Using force against pro-Moscow protesters in Ukraine would be "extremely dangerous," Russia's foreign minister warned Monday.
"They are announcing an anti-terrorist operation," Sergey Lavrov told reporters, shortly before at least 100 pro-Russian separatists attacked the police headquarters in Ukraine's eastern city of Horlivka. "This hypocrisy is sweeping off scale. A decision to exercise force ... is extremely dangerous and those who encourage the current government in Kiev to do that will have to bear responsibility for it."
In all, separatists have seized government buildings and security facilities in 10 cities in the country's largely Russian-speaking east.
In the city of Slovyansk, where armed men have seized two government buildings, a state security officer was killed over the weekend.

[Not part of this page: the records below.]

lemma norm_frac_heat_cos_sum_le:
  "norm (frac_heat_cos_sum \<alpha> t I k a x)
     \<le> (\<Sum>i\<in>I. exp (- (norm (k i) powr (2 * \<alpha>)) * t) * norm (a i))"
  unfolding frac_heat_cos_sum_def
proof (rule order.trans[OF norm_sum sum_mono])
  fix i
  have "\<bar>cos (k i \<bullet> x)\<bar> * norm (a i) \<le> norm (a i)"
    using mult_right_mono[OF abs_cos_le_one norm_ge_zero] by simp
  then show "norm (exp (- (norm (k i) powr (2 * \<alpha>)) * t) *\<^sub>R cos (k i \<bullet> x) *\<^sub>R a i)
      \<le> exp (- (norm (k i) powr (2 * \<alpha>)) * t) * norm (a i)"
    by (simp add: abs_mult mult.assoc mult_left_mono)
qed

text \<open>Only indices from 1 on are constrained: by truncated subtraction kvec K 0 = kvec K 1,
  so the frequencies are lacunary only from index 1.\<close>

lemma norm_frac_heat_cos_sum_lacunary:
  fixes \<alpha> \<theta> l :: real
  assumes "l > 1" "\<alpha> > 0" "\<theta> > 0"
  obtains C where "C > 0"
    "\<And>k c v t r x. (\<And>i. k (Suc i) \<noteq> 0) \<Longrightarrow> (\<And>i. l * norm (k (Suc i)) \<le> norm (k (Suc (Suc i)))) \<Longrightarrow>
       norm v = 1 \<Longrightarrow> c \<ge> 0 \<Longrightarrow> t > 0 \<Longrightarrow>
       norm (frac_heat_cos_sum \<alpha> t {1..r} k (\<lambda>i. (c * norm (k i) powr \<theta>) *\<^sub>R v) x)
         \<le> C * c * t powr (- \<theta> / (2 * \<alpha>))"
proof -
  obtain C where C: "C > 0"
    "\<And>n I t. finite I \<Longrightarrow> (\<And>i. n i > 0) \<Longrightarrow> (\<And>i. l * n i \<le> n (Suc i)) \<Longrightarrow> t > 0 \<Longrightarrow>
       (\<Sum>i\<in>I. exp (- (n i powr (2 * \<alpha>)) * t) * n i powr \<theta>) \<le> C * t powr (- \<theta> / (2 * \<alpha>))"
    using lacunary_heat_sum_bound[OF assms] by blast
  have "norm (frac_heat_cos_sum \<alpha> t {1..r} k (\<lambda>i. (c * norm (k i) powr \<theta>) *\<^sub>R v) x)
      \<le> C * c * t powr (- \<theta> / (2 * \<alpha>))"
    if k: "\<And>i. k (Suc i) \<noteq> 0" "\<And>i. l * norm (k (Suc i)) \<le> norm (k (Suc (Suc i)))"
      and v: "norm v = 1" and c: "c \<ge> 0" and t: "t > 0" for k c v t r x
  proof -
    have "norm (frac_heat_cos_sum \<alpha> t {1..r} k (\<lambda>i. (c * norm (k i) powr \<theta>) *\<^sub>R v) x)
        \<le> (\<Sum>i\<in>{1..r}. exp (- (norm (k i) powr (2 * \<alpha>)) * t) * norm ((c * norm (k i) powr \<theta>) *\<^sub>R v))"
      by (rule norm_frac_heat_cos_sum_le)
    also have "\<dots> = c * (\<Sum>j<r. exp (- (norm (k (Suc j)) powr (2 * \<alpha>)) * t) * norm (k (Suc j)) powr \<theta>)"
      using v c by (simp add: sum.atLeast1_atMost_eq sum_distrib_left mult_ac)
    also have "\<dots> \<le> c * (C * t powr (- \<theta> / (2 * \<alpha>)))"
      using c k t by (intro mult_left_mono C(2)) auto
    finally show ?thesis by (simp add: mult_ac)
  qed
  then show thesis
    using C(1) by (intro that[of C]) auto
qed

lemma norm_kvec: "norm (kvec K i) = 2 ^ (i - 1) * real K"
  by (simp add: kvec_def zeta3_def norm_eq_sqrt_inner inner_vec_def sum_3)

lemma norm_kvec': "norm (kvec' K i) = sqrt ((2 ^ (i - 1) * real K)\<^sup>2 + 1)"
  by (simp add: kvec'_def kvec_def zeta3_def eta3_def norm_eq_sqrt_inner inner_vec_def sum_3
      power2_eq_square)

lemma norm_v3: "norm v3 = 1" "norm v3' = 1"
  by (simp_all add: v3_def v3'_def norm_eq_sqrt_inner inner_vec_def sum_3)

lemma kvec_Suc_nonzero: "K \<ge> 1 \<Longrightarrow> kvec K (Suc i) \<noteq> 0"
  by (simp flip: zero_less_norm_iff add: norm_kvec)

lemma kvec'_nonzero: "kvec' K i \<noteq> 0"
  by (simp flip: zero_less_norm_iff add: norm_kvec' add_nonneg_pos)

lemma kvec_lacunary: "norm (kvec K (Suc (Suc i))) = 2 * norm (kvec K (Suc i))"
  by (simp add: norm_kvec)

lemma kvec'_lacunary:
  assumes "K \<ge> 1"
  shows "sqrt 2 * norm (kvec' K (Suc i)) \<le> norm (kvec' K (Suc (Suc i)))"
proof -
  define a where "a = (2::real) ^ i * real K"
  have "1 \<le> a"
    using assms one_le_power[of "2::real" i] mult_mono[of 1 "2 ^ i" 1 "real K"] by (simp add: a_def)
  then have "1 \<le> a * a"
    using mult_mono[of 1 a 1 a] by simp
  then have "2 * (a\<^sup>2 + 1) \<le> (2 * a)\<^sup>2 + 1"
    by (simp add: power2_eq_square algebra_simps)
  then have "sqrt 2 * sqrt (a\<^sup>2 + 1) \<le> sqrt ((2 * a)\<^sup>2 + 1)"
    by (simp add: real_sqrt_mult[symmetric])
  then show ?thesis
    by (simp add: norm_kvec' a_def mult.assoc)
qed

lemma norm_frac_heat_u0_le:
  fixes \<alpha> \<beta> \<theta> :: real
  assumes "\<alpha> > 0" "\<theta> > 0"
  obtains C where "C > 0"
    "\<And>r K t x. K \<ge> 1 \<Longrightarrow> t > 0 \<Longrightarrow>
       norm (frac_heat_cos_sum \<alpha> t {1..r} (kvec K) (u0_coeff \<beta> \<theta> r K) x)
         \<le> C * real r powr (- \<beta>) * t powr (- \<theta> / (2 * \<alpha>))"
proof -
  obtain C where "C > 0" and C:
    "\<And>k c v t r x. (\<And>i. k (Suc i) \<noteq> 0) \<Longrightarrow> (\<And>i. 2 * norm (k (Suc i)) \<le> norm (k (Suc (Suc i)))) \<Longrightarrow>
       norm v = 1 \<Longrightarrow> c \<ge> 0 \<Longrightarrow> t > 0 \<Longrightarrow>
       norm (frac_heat_cos_sum \<alpha> t {1..r} k (\<lambda>i. (c * norm (k i) powr \<theta>) *\<^sub>R v) x)
         \<le> C * c * t powr (- \<theta> / (2 * \<alpha>))"
    using norm_frac_heat_cos_sum_lacunary[of 2 \<alpha> \<theta>] assms by auto
  have coeff: "u0_coeff \<beta> \<theta> r K = (\<lambda>i. (real r powr (- \<beta>) * norm (kvec K i) powr \<theta>) *\<^sub>R v3)" for r K
    by (simp add: u0_coeff_def fun_eq_iff)
  show thesis
  proof (rule that[OF \<open>C > 0\<close>])
    fix r K :: nat and t :: real and x :: "real^3"
    assume "K \<ge> 1" "t > 0"
    then show "norm (frac_heat_cos_sum \<alpha> t {1..r} (kvec K) (u0_coeff \<beta> \<theta> r K) x)
        \<le> C * real r powr (- \<beta>) * t powr (- \<theta> / (2 * \<alpha>))"
      unfolding coeff by (intro C) (simp_all add: kvec_Suc_nonzero kvec_lacunary norm_v3)
  qed
qed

Ukrainian leaders blame Russia, which annexed Ukraine's Crimea region after Moscow-backed President Viktor Yanukovich fled after months of pro-Western protests, for inspiring and organizing a rash of rebellions in Slovyansk and other Russian-speaking towns in eastern Ukraine.
The crisis in Ukraine has brought relations between Russia and the West to their worst since the end of the Cold War in 1991.
In an emergency session of the U.N. Security Council late Sunday, Russian Ambassador Vitaly Churkin denied claims that Moscow was behind the violence.
"It is the West that will determine the opportunity to avoid civil war in Ukraine. Some people, including in this chamber, do not want to see the real reasons for what is happening in Ukraine and are constantly seeing the hand of Moscow in what is going on," Churkin said.
In response, U.S. Ambassador Samantha Power said, "These are not protests, these are professional military operations."
Reuters and The Associated Press contributed to this report.